▼▼▼

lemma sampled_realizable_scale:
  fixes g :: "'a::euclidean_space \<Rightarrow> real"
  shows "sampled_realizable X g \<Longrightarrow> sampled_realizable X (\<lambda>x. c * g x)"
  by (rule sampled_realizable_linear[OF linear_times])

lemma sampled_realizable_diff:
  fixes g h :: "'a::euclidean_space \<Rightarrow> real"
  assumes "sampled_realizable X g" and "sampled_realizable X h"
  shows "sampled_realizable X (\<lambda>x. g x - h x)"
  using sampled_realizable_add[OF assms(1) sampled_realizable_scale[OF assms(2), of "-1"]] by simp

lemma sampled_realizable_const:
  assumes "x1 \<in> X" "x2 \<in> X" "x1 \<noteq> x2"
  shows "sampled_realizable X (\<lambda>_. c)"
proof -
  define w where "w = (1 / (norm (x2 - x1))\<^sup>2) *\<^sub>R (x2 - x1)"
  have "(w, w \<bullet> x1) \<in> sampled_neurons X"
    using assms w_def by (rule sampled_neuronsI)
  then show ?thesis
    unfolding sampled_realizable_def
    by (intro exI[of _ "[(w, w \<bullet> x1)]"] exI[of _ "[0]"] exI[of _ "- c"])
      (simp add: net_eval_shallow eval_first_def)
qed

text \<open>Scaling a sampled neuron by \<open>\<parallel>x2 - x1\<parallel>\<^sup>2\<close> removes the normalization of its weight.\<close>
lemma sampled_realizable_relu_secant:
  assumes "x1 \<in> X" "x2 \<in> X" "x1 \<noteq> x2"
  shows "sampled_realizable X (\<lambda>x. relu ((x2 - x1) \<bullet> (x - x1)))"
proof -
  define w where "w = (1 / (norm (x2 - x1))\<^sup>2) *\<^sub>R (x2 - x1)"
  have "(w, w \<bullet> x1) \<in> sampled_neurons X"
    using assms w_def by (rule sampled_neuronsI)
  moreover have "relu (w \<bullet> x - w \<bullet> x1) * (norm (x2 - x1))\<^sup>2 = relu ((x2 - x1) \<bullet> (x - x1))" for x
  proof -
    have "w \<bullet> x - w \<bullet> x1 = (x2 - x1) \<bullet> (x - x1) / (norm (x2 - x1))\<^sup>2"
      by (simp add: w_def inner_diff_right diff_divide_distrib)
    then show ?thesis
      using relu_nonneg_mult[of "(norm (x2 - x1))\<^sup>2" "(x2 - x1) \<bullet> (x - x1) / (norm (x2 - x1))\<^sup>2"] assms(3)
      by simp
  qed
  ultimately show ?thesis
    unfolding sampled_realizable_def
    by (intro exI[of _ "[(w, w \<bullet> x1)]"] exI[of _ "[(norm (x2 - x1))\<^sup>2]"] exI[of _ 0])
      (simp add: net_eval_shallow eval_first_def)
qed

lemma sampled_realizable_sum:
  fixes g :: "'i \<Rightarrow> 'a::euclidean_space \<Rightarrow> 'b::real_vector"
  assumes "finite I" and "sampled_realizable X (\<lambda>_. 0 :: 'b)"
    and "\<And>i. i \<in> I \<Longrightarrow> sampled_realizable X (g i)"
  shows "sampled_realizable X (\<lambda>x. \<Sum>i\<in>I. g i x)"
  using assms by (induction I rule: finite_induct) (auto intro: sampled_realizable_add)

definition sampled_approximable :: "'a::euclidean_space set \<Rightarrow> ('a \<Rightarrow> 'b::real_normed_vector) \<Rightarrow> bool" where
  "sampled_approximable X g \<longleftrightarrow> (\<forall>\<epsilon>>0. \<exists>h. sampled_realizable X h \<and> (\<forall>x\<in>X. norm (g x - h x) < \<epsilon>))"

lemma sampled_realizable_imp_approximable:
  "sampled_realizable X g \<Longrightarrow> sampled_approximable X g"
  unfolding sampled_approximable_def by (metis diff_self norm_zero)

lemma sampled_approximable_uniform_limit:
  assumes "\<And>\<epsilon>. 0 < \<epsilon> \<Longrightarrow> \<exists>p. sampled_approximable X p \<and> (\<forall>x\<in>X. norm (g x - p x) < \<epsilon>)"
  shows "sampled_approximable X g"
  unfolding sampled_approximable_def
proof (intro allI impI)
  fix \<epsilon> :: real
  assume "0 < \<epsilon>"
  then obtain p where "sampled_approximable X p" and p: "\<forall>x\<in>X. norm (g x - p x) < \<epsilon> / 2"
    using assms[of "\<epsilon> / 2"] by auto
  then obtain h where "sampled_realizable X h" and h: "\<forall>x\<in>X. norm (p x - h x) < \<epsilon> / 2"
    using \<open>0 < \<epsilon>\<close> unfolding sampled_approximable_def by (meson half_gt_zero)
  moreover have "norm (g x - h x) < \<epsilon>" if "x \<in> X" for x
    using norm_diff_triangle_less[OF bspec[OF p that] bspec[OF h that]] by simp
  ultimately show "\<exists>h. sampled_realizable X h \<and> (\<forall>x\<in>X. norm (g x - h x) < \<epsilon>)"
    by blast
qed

▲▲▲

● WHAT IS REQUIRED
Which lines of the records above contain the word "close"? Report each one in full.

● TASK SOLUTION
text \<open>Scaling a sampled neuron by \<open>\<parallel>x2 - x1\<parallel>\<^sup>2\<close> removes the normalization of its weight.\<close>
    using \<open>0 < \<epsilon>\<close> unfolding sampled_approximable_def by (meson half_gt_zero)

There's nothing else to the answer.